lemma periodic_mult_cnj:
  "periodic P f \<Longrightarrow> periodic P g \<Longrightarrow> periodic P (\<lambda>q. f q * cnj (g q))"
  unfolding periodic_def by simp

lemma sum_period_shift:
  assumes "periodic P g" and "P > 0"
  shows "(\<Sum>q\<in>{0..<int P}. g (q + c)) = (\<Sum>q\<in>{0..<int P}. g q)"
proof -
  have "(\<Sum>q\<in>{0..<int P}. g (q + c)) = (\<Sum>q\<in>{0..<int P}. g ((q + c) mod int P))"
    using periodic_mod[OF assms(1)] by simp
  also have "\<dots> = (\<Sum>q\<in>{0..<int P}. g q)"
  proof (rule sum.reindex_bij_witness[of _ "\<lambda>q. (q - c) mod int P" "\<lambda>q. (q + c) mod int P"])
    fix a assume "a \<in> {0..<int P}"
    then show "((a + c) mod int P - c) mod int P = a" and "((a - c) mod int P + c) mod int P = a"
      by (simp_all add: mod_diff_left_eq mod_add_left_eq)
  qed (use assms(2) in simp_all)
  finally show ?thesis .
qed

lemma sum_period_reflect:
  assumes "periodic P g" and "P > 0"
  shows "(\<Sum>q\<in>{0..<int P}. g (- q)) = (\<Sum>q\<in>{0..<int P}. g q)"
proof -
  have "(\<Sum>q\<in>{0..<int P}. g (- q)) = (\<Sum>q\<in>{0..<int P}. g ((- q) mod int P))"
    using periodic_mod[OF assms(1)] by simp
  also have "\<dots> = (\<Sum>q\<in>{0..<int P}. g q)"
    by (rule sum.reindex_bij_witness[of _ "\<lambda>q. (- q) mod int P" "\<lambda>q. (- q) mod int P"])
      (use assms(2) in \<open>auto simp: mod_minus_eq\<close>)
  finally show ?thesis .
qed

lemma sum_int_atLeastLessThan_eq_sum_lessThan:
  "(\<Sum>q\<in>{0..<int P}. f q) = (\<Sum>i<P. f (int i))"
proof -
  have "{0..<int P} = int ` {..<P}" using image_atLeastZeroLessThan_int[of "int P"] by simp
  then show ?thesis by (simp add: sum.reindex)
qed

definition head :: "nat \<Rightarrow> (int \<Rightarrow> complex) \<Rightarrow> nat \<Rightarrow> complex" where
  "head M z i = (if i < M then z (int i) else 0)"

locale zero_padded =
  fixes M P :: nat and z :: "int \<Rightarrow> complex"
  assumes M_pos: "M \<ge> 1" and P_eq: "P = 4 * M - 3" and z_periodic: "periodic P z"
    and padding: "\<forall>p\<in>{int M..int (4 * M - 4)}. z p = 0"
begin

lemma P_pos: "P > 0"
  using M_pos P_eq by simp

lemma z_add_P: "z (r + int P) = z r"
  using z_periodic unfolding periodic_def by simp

ACTION ITEM =
Only the line containing "fixes M P :: nat" and the lines after it, up to and including the last line of the data, should appear in the answer, exactly as written.

EXERCISE RESPONSE =
  fixes M P :: nat and z :: "int \<Rightarrow> complex"
  assumes M_pos: "M \<ge> 1" and P_eq: "P = 4 * M - 3" and z_periodic: "periodic P z"
    and padding: "\<forall>p\<in>{int M..int (4 * M - 4)}. z p = 0"
begin

lemma P_pos: "P > 0"
  using M_pos P_eq by simp

lemma z_add_P: "z (r + int P) = z r"
  using z_periodic unfolding periodic_def by simp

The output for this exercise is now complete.